Dividimos o mercado cripto em dois grandes blocos. O primeiro mercado é o de negociação de criptomoedas e criptoativos em geral. Basicamente, esse é o business das exchanges. O segundo é o mercado que utiliza blockchain como infraestrutura de mercado financeiro. Na minha leitura, esse segundo mercado é o que sofrerá maior impacto pela regulação. É o mercado de tokenização de ativos, para você transformar recebíveis em ativos digitais e facilitar a emissão e a circulação desses ativos. É o mercado que está sendo experimentado por Visa, Mastercard e grandes empresas de pagamentos. Em última análise, é o mercado que vem sendo explorado pelo real digital e pelas moedas digitais dos bancos centrais, para modernizar a infraestrutura de pagamentos. Na prática, aqui no Brasil, será necessária uma autorização para atuar em qualquer um desses dois mercados. Essa autorização será dada pelo Banco Central (BC). Ninguém sabe ainda como será esse procedimento. O BC vai fazer uma consulta pública e os integrantes do mercado vão participar. Caberá ao BC dizer quais os requisitos exigidos para quem quiser participar. Normalmente, para os outros setores que regula, o BC pede garantias como idoneidade dos fundadores, constituição de empresa no Brasil, tipo societário, patrimônio líquido mínimo, entre outros pontos. No Brasil, se você for uma exchange ou uma prestadora de serviços de custódia de criptoativos, precisará ter essa autorização junto ao BC. Isso ainda não é realidade. Só será realidade talvez daqui a um ano, a depender do ritmo da elaboração da norma.

Com o marco legal, será possível coibir as fraudes no mercado cripto?

Não acredito nisso. A lei não previne, de forma eficaz, a ocorrência de fraudes. O que talvez possa acontecer é que tenhamos um sistema de repressão a fraudes um pouco mais eficiente. Hoje não está claro quem fiscaliza: se é a Comissão de Valores Mobiliários (CVM), a Polícia Federal (PF) ou o BC. Agora, pelo menos, haverá uma entidade que terá a responsabilidade de olhar isso. A fiscalização será um pouco melhor. É possível que algumas fraudes sejam descobertas mais cedo do que aconteceu no caso do Faraó dos Bitcoins, por exemplo. Pode ser que as pessoas responsáveis por esses crimes sejam punidas de forma mais assertiva. Mas as fraudes não deixarão de existir. Sou muito cético em relação à capacidade da nova lei de combater fraudes.

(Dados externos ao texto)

theorem lemma3p3:
  fixes A \<Delta> :: "real^'n^'n" and v x :: "real^'n" and \<sigma> :: real
  assumes "symmetric_mat A" and "nonneg_mat A" and "irreducible_mat A"
    and "diagonal_mat \<Delta>"
    and "v \<noteq> 0" and "nonneg_vec v" and "\<sigma> > 0"
    and "x \<noteq> 0"
    and "(A + \<Delta> - \<sigma> *\<^sub>R outer v v) *v x = lambda_max (A + \<Delta> - \<sigma> *\<^sub>R outer v v) *\<^sub>R x"
    and "v \<bullet> x \<ge> 0"
  shows "induced_connected A {i. x $ i \<ge> 0}"
proof (rule ccontr)
  define M where "M = A + \<Delta> - \<sigma> *\<^sub>R outer v v"
  define r where "r = \<sigma> * (v \<bullet> x)"
  have "r \<ge> 0" using assms(7,10) by (simp add: r_def)
  have "(A + \<Delta>) *v x - r *\<^sub>R v = lambda_max M *\<^sub>R x"
    using assms(9) unfolding M_def modularity_mult_vec r_def .
  then have x: "(A + \<Delta>) *v x = lambda_max M *\<^sub>R x + r *\<^sub>R v" by (simp add: diff_eq_eq)
  assume "\<not> induced_connected A {i. x $ i \<ge> 0}"
  then obtain S1 S2 where split: "S1 \<inter> S2 = {}" "S1 \<union> S2 = {i. x$i \<ge> 0}" "S1 \<noteq> {}" "S2 \<noteq> {}"
    and no_edge: "\<And>i j. i \<in> S1 \<Longrightarrow> j \<in> S2 \<Longrightarrow> A$i$j = 0"
    using not_induced_connected_split[OF assms(2)] by metis
  obtain \<alpha> \<beta> :: real where "\<alpha> \<noteq> 0 \<or> \<beta> \<noteq> 0"
    and "v \<bullet> (\<alpha> *\<^sub>R restrict_vec S1 x + \<beta> *\<^sub>R restrict_vec S2 x) = 0" (is "v \<bullet> ?z = 0")
    by (rule exists_combination_orthogonal)
  have "lambda_max M * (?z \<bullet> ?z) \<le> ?z \<bullet> ((A + \<Delta>) *v ?z)"
    by (rule split_quadratic_form_ge[OF assms(1,2,4,6) \<open>r \<ge> 0\<close> x split(1,2) no_edge])
  then have "M *v ?z = lambda_max M *\<^sub>R ?z"
    using \<open>v \<bullet> ?z = 0\<close> symmetric_mat_modularity[OF assms(1,4)]
    by (intro lambda_max_eigenvector) (simp_all add: M_def modularity_mult_vec)
  then have "(A + \<Delta>) *v ?z = lambda_max M *\<^sub>R ?z"
    using \<open>v \<bullet> ?z = 0\<close> by (simp add: M_def modularity_mult_vec)
  with split_combination_not_eigenvector[OF assms(1,3,2,4,6) \<open>r \<ge> 0\<close> x split no_edge
      \<open>\<alpha> \<noteq> 0 \<or> \<beta> \<noteq> 0\<close>]
  show False by blast
qed

end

Em 2021, El Salvador transformou o bitcoin em moeda de curso legal (com status de moeda nacional). Em outros países, como o México, projetos sobre o tema vêm sendo debatidos. É uma boa ou uma má ideia?

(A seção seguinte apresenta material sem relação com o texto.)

lemma sum_power_revealed_bits_ge:
  assumes a: "length a = k" and k: "k \<le> L"
  shows "2 ^ (L - k) * (\<rho> / (2 - \<rho>)) * \<rho> ^ k \<le> (\<Sum>b \<in> bitstrings (L - k). \<rho> ^ max k (revealed_bits x (a @ b)))"
proof -
  define D where "D b = max k (revealed_bits x (a @ b)) - k" for b
  have "real (card (bitstrings (L - k))) * (\<rho> / (2 - \<rho>)) \<le> (\<Sum>b \<in> bitstrings (L - k). \<rho> ^ D b)"
  proof (rule sum_power_ge_if_geometric_tail[OF finite_bitstrings rho_pos rho_less_1])
    show "D b \<le> L - k" for b unfolding D_def using revealed_bits_le[of x "a @ b"] by simp
    fix i assume i: "i < L - k"
    have "{b \<in> bitstrings (L - k). i < D b} = {b \<in> bitstrings (L - k). k + i < revealed_bits x (a @ b)}"
      unfolding D_def by auto
    then have "real (card {b \<in> bitstrings (L - k). i < D b}) \<le> 2 ^ (L - k - i)"
      using card_revealed_bits_gt_le[OF a i, of x] by (metis of_nat_le_iff of_nat_numeral of_nat_power)
    also have "(2::real) ^ (L - k - i) = 2 ^ (L - k) / 2 ^ i" using i by (simp add: power_diff power_add)
    finally show "real (card {b \<in> bitstrings (L - k). i < D b}) \<le> real (card (bitstrings (L - k))) / 2 ^ i"
      by (simp add: card_bitstrings)
  qed
  then have "2 ^ (L - k) * (\<rho> / (2 - \<rho>)) \<le> (\<Sum>b \<in> bitstrings (L - k). \<rho> ^ D b)"
    by (simp add: card_bitstrings)
  then have "\<rho> ^ k * (2 ^ (L - k) * (\<rho> / (2 - \<rho>))) \<le> \<rho> ^ k * (\<Sum>b \<in> bitstrings (L - k). \<rho> ^ D b)"
    using rho_pos by (intro mult_left_mono) auto
  also have "\<dots> = (\<Sum>b \<in> bitstrings (L - k). \<rho> ^ max k (revealed_bits x (a @ b)))"
    unfolding D_def sum_distrib_left by (simp flip: power_add)
  finally show ?thesis by (simp add: mult_ac)
qed

lemma peak_regret_ge:
  assumes p: "p \<in> bitstrings L"
  shows "\<nu> * (\<rho> ^ (m + revealed_bits y p) - \<rho> ^ (m + L)) \<le> - peak_fun m 1 (leaf p) y"
proof -
  have "peak_fun m 1 (leaf p) y \<le> - \<nu> * \<rho> ^ (m + revealed_bits y p)" if "revealed_bits y p < L"
  proof -
    have "Suc (m + revealed_bits y p) \<notin> peak_levels m 1 (leaf p) y"
    proof
      assume "Suc (m + revealed_bits y p) \<in> peak_levels m 1 (leaf p) y"
      then have common: "cell_of (m + Suc (revealed_bits y p)) y = cell_of (m + Suc (revealed_bits y p)) (leaf p)"
        unfolding peak_levels_def plateau_levels_def by simp
      show False
      proof (cases "cell_of m y = 0")
        case True
        then have "Suc (revealed_bits y p) \<in> agree_levels y p"
          using common common_level_leaf_iff[OF p, of "m + Suc (revealed_bits y p)"] that by simp
        then show False using Max_agree_levels(2)[OF True] that True unfolding revealed_bits_def by fastforce
      next
        case False
        then show False using cell_of_eq_mono[OF _ common, of m] cell_of_leaf_le[OF p] by simp
      qed
    qed
    then show ?thesis unfolding peak_fun_def by (rule level_value_le')
  qed
  moreover have "0 \<le> \<nu> * \<rho> ^ (m + L)" using nu_pos rho_pos by simp
  moreover have "revealed_bits y p = L" if "\<not> revealed_bits y p < L"
    using revealed_bits_le[of y p] that by simp
  ultimately show ?thesis
    using peak_fun_le_0[of m 1 "leaf p" y] by (cases "revealed_bits y p < L") (auto simp: right_diff_distrib)
qed

end

locale tree_run = tree_instances K P \<nu> \<rho> d C m L
  for K and P :: "nat \<Rightarrow> nat \<Rightarrow> 'x set" and \<nu> \<rho> d C m L +
  fixes as :: asm and lam :: "real \<Rightarrow> real" and t \<Lambda> :: real and Q :: "'x hist \<Rightarrow> 'x \<times> real"
begin

definition hist :: "bool list \<Rightarrow> nat \<Rightarrow> 'x hist" where
  "hist p n = run_hist lam \<Lambda> (masked_fidelities as lam t (plateau_fun m 1) (peak_fun m 1 (leaf p))) Q n"

definition expensive :: "'x \<times> real \<times> real \<Rightarrow> bool" where
  "expensive e \<longleftrightarrow> inv_Phibar as t \<le> ereal (lam (fst (snd e)))"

Não faz absolutamente nenhum sentido. A própria tecnologia do bitcoin não foi pensada para uma volumetria relevante de pagamentos. Para você ter uma infraestrutura eletrônica de pagamentos de um país, precisa de uma tecnologia como a do Pix e, provavelmente, como será a do real digital. O que ocorreu em El Salvador, e alguns defendem no México e na Argentina, é o fato de que, uma vez que sua moeda soberana esteja sob risco, seja por uma crise institucional ou econômica, seja necessário ter alguma unidade estável de valor. Tradicionalmente, essas unidades estáveis são o dólar e o ouro. Hoje nós temos o bitcoin ou outros ativos digitais como uma alternativa nesse sentido. Agora, o que faz ele ser uma alternativa não é a tecnologia blockchain, mas simplesmente o fato de que ele tem uma determinada flutuação de preços que não depende da eventual crise daquele país. Os preços do bitcoin flutuam independentemente do que está acontecendo na Argentina ou em qualquer lugar. O grande problema é que a volatilidade dos preços do bitcoin é enorme. Ele não serve como uma unidade estável de valor. Um ativo que cai 75% de outubro de 2021 a julho de 2022 e que sobe 85% entre janeiro e junho de 2023 não é um ativo estável. Por isso, não faz sentido qualquer país adotar o bitcoin como moeda de curso legal.